▸ TRY IT
From the listing below, copy only the lines running from the line that contains "text \<open>The local" to the line that contains "by (rule order.trans[OF", both included.

▸ INPUT DATA
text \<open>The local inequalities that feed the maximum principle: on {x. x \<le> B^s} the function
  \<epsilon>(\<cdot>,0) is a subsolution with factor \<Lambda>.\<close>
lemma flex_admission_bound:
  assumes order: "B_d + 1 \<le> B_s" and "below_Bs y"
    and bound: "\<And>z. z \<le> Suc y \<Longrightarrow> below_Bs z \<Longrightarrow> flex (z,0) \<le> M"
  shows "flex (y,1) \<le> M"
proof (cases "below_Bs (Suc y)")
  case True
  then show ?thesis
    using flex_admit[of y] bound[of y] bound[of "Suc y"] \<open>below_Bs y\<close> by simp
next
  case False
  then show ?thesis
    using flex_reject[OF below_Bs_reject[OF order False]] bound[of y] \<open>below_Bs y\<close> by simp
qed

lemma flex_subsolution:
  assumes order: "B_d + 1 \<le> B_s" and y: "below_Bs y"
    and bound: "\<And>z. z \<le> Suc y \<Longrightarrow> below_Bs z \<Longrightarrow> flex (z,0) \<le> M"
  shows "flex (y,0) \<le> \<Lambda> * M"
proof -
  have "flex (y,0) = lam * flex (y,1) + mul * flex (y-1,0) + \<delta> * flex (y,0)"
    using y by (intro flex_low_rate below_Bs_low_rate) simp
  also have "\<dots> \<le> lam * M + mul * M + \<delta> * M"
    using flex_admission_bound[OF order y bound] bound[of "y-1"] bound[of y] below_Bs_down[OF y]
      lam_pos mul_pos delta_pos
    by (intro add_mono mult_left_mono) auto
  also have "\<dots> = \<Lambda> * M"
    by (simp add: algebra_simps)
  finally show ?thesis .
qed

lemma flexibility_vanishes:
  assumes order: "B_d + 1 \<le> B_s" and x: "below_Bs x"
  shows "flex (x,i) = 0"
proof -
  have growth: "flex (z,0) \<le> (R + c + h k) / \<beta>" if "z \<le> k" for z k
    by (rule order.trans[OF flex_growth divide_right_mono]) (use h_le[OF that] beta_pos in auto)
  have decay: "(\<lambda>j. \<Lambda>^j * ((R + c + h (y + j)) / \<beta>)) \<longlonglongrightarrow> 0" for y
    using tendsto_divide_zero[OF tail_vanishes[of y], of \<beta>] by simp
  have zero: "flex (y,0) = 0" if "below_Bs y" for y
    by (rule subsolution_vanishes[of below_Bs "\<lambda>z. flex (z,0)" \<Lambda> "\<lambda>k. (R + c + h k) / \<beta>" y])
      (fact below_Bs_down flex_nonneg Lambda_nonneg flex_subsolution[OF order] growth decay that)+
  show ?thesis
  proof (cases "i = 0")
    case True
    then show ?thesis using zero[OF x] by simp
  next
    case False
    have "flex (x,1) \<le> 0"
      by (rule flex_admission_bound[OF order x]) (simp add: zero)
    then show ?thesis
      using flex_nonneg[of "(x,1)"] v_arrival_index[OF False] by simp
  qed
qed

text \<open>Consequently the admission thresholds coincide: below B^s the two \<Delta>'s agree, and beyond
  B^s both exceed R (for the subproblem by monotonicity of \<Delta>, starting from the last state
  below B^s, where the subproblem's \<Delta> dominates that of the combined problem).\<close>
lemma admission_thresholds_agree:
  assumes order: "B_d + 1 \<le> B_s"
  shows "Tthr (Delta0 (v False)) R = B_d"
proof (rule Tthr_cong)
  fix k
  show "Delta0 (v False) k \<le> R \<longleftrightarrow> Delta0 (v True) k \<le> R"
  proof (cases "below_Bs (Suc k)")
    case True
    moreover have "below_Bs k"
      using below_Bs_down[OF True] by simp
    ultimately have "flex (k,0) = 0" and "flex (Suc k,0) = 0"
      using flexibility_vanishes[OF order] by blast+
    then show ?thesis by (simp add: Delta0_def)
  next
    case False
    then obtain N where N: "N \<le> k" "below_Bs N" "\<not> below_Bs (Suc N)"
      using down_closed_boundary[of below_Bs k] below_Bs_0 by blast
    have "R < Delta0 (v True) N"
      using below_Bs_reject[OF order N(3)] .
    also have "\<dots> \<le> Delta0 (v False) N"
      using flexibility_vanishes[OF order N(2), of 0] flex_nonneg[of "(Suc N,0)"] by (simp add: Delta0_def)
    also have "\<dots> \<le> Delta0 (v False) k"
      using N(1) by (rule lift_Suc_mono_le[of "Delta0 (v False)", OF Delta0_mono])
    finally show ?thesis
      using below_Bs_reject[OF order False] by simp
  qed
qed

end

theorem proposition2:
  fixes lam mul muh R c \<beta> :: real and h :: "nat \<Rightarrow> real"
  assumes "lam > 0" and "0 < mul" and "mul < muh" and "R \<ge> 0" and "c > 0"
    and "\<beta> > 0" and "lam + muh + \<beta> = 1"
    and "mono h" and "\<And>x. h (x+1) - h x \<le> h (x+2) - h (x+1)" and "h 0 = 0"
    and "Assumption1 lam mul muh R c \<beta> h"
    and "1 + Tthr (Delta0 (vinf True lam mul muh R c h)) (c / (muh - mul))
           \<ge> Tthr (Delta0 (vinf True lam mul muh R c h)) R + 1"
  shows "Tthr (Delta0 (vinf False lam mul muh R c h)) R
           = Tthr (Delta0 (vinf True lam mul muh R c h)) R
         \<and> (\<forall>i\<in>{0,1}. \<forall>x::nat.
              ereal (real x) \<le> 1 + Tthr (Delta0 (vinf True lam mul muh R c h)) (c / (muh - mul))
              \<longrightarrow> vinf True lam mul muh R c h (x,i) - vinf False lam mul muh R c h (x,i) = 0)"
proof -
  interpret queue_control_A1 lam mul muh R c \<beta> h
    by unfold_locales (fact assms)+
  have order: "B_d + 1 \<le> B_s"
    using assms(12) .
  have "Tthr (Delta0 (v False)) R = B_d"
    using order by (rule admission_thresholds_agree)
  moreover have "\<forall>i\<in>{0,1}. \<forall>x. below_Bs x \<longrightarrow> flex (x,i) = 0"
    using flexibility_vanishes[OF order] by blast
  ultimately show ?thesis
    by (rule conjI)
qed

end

---

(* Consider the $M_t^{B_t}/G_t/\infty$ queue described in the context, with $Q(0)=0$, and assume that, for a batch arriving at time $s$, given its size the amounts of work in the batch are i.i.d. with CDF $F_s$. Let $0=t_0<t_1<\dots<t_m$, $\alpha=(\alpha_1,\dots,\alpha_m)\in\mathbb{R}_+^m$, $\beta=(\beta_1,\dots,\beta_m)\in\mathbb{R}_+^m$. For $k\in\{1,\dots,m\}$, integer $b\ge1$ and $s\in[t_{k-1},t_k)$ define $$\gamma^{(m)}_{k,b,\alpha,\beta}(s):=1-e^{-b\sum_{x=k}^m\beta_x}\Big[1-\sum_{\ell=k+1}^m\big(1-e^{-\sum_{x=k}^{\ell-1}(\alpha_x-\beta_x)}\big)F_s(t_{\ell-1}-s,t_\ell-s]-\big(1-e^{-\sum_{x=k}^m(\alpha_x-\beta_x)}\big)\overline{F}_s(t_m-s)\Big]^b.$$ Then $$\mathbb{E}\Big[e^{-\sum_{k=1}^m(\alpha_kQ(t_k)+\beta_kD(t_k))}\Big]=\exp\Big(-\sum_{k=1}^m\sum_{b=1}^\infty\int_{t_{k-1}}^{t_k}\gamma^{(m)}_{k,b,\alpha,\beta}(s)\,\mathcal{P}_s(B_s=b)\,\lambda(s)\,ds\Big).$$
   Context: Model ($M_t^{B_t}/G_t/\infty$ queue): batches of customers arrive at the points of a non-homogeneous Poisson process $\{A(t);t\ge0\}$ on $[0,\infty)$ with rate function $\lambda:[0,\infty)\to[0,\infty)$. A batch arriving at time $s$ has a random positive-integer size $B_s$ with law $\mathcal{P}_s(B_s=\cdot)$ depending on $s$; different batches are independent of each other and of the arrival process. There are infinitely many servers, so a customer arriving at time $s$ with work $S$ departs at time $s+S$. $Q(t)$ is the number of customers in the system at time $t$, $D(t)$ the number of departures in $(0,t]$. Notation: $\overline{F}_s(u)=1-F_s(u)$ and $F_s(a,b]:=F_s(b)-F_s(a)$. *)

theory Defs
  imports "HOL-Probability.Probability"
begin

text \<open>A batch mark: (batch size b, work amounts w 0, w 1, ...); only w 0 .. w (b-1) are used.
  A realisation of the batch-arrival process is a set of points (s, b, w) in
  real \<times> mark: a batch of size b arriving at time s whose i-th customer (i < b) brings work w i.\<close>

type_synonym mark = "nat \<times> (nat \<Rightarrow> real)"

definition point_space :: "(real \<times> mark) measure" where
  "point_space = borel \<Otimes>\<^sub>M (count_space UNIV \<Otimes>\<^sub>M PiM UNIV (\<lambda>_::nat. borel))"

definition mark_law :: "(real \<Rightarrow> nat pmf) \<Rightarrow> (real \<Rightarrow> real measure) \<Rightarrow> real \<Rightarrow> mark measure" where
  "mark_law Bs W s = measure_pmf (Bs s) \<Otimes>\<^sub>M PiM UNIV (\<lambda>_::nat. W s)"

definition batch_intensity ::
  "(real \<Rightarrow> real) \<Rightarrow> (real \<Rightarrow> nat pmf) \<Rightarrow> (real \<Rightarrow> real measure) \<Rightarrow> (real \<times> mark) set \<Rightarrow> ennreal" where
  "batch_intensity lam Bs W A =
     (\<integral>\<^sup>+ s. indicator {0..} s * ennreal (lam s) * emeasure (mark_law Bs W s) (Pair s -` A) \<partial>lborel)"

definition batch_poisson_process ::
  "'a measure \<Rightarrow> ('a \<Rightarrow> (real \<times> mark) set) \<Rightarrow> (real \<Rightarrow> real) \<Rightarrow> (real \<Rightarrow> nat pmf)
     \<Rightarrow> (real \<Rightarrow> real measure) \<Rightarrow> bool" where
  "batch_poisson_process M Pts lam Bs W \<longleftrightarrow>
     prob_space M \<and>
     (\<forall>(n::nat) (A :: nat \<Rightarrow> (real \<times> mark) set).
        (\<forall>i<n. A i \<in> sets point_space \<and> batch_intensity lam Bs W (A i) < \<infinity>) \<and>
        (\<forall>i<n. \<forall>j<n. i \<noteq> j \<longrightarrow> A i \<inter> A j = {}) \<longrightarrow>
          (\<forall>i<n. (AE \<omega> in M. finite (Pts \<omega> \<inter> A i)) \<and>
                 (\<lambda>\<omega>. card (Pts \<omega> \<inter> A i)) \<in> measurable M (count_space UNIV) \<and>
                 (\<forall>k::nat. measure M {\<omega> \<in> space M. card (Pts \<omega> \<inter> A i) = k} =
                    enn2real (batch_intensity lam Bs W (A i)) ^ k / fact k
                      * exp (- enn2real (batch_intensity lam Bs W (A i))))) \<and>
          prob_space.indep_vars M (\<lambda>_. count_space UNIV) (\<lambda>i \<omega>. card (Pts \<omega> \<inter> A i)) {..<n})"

---

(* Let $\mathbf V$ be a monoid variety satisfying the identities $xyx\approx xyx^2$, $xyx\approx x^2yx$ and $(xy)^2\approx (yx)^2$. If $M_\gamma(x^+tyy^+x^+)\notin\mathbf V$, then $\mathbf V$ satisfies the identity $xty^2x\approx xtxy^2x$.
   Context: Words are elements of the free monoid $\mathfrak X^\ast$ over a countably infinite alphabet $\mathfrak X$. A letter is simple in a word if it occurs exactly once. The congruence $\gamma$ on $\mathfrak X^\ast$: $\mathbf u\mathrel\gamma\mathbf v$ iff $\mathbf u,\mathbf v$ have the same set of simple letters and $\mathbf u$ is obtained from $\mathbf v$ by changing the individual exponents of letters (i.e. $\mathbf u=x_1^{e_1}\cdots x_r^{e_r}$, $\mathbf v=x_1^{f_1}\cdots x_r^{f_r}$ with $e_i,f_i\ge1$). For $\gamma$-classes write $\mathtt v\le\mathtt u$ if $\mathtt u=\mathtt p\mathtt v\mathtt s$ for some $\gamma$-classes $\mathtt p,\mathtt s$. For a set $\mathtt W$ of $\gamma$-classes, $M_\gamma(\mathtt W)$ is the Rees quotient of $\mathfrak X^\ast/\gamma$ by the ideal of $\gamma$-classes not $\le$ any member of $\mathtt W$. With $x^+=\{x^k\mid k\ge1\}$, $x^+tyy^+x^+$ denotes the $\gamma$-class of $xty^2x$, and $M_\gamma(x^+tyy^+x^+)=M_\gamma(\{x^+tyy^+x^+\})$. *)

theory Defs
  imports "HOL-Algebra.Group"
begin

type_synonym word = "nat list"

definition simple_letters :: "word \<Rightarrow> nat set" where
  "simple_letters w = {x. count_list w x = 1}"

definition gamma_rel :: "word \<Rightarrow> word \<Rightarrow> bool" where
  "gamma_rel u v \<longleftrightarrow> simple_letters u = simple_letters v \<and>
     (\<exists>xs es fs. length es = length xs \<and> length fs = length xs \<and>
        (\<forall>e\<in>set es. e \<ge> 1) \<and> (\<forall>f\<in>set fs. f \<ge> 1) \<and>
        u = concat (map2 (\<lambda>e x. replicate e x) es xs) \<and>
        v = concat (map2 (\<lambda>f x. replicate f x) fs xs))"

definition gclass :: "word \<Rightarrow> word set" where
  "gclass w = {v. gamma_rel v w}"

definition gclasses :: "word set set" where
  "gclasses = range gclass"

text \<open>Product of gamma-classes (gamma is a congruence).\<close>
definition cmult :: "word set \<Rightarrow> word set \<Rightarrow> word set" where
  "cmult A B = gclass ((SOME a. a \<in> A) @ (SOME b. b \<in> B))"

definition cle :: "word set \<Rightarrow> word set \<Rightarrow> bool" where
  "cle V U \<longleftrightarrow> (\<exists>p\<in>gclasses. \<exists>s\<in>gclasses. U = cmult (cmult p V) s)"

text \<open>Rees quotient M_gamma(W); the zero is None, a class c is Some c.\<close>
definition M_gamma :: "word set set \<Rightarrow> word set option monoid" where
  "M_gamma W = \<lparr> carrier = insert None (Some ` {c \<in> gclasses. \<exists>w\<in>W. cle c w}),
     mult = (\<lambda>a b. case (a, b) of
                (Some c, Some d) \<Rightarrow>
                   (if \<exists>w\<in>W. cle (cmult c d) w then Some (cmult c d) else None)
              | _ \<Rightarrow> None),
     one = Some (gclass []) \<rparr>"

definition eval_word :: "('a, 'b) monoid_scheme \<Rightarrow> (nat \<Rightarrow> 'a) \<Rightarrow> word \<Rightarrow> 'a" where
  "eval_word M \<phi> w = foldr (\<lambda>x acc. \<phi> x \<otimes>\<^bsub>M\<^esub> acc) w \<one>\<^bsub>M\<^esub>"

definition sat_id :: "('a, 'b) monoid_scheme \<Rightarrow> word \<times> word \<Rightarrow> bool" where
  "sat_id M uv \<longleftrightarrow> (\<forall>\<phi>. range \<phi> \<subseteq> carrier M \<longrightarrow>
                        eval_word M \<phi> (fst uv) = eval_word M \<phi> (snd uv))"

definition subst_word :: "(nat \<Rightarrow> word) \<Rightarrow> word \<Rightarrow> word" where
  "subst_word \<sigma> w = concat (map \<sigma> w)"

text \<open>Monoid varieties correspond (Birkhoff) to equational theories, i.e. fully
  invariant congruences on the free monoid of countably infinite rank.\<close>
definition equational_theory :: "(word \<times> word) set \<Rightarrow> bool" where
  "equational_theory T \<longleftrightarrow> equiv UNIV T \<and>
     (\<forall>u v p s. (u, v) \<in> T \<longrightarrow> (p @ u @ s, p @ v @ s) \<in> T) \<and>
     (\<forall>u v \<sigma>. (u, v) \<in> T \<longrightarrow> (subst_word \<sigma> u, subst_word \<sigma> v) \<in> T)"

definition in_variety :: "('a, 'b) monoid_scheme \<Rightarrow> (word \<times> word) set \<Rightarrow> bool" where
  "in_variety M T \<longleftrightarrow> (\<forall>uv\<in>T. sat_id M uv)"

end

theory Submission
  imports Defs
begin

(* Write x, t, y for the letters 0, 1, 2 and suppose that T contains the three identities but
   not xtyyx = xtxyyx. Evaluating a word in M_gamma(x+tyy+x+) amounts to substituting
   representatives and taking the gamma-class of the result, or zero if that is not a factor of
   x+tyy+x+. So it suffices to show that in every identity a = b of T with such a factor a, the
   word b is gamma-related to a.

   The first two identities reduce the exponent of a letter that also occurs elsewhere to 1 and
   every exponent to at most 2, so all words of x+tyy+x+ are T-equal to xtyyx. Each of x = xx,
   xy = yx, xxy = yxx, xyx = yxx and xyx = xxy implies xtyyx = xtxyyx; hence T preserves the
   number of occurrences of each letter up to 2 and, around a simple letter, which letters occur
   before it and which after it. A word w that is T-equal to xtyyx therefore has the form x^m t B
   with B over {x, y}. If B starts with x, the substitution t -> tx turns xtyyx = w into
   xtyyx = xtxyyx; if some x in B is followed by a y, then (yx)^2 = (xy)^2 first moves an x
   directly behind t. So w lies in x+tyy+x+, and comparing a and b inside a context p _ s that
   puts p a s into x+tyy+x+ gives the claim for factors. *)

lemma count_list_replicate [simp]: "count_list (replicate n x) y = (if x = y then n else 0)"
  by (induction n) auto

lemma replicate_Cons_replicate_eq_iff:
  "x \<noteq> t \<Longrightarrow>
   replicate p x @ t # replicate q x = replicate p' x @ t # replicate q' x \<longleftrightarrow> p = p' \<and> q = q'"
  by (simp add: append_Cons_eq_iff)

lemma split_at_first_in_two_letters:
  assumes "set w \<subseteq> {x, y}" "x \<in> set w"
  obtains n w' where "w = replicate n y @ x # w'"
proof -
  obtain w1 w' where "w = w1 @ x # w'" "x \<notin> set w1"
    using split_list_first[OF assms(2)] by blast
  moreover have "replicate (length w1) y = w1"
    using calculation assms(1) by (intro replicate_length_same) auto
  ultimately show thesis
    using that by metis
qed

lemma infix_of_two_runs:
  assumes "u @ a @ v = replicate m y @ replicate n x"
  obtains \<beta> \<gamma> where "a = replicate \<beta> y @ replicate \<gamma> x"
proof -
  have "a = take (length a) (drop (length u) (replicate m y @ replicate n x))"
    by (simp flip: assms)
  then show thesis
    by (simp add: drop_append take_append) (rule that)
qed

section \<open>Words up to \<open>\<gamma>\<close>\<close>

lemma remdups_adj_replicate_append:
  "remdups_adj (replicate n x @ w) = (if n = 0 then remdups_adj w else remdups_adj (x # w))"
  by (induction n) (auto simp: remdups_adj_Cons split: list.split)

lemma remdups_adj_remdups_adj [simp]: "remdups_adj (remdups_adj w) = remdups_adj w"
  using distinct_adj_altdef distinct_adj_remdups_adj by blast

▸ WRITTEN ANSWER
text \<open>The local inequalities that feed the maximum principle: on {x. x \<le> B^s} the function
  \<epsilon>(\<cdot>,0) is a subsolution with factor \<Lambda>.\<close>
lemma flex_admission_bound:
  assumes order: "B_d + 1 \<le> B_s" and "below_Bs y"
    and bound: "\<And>z. z \<le> Suc y \<Longrightarrow> below_Bs z \<Longrightarrow> flex (z,0) \<le> M"
  shows "flex (y,1) \<le> M"
proof (cases "below_Bs (Suc y)")
  case True
  then show ?thesis
    using flex_admit[of y] bound[of y] bound[of "Suc y"] \<open>below_Bs y\<close> by simp
next
  case False
  then show ?thesis
    using flex_reject[OF below_Bs_reject[OF order False]] bound[of y] \<open>below_Bs y\<close> by simp
qed

lemma flex_subsolution:
  assumes order: "B_d + 1 \<le> B_s" and y: "below_Bs y"
    and bound: "\<And>z. z \<le> Suc y \<Longrightarrow> below_Bs z \<Longrightarrow> flex (z,0) \<le> M"
  shows "flex (y,0) \<le> \<Lambda> * M"
proof -
  have "flex (y,0) = lam * flex (y,1) + mul * flex (y-1,0) + \<delta> * flex (y,0)"
    using y by (intro flex_low_rate below_Bs_low_rate) simp
  also have "\<dots> \<le> lam * M + mul * M + \<delta> * M"
    using flex_admission_bound[OF order y bound] bound[of "y-1"] bound[of y] below_Bs_down[OF y]
      lam_pos mul_pos delta_pos
    by (intro add_mono mult_left_mono) auto
  also have "\<dots> = \<Lambda> * M"
    by (simp add: algebra_simps)
  finally show ?thesis .
qed

lemma flexibility_vanishes:
  assumes order: "B_d + 1 \<le> B_s" and x: "below_Bs x"
  shows "flex (x,i) = 0"
proof -
  have growth: "flex (z,0) \<le> (R + c + h k) / \<beta>" if "z \<le> k" for z k
    by (rule order.trans[OF flex_growth divide_right_mono]) (use h_le[OF that] beta_pos in auto)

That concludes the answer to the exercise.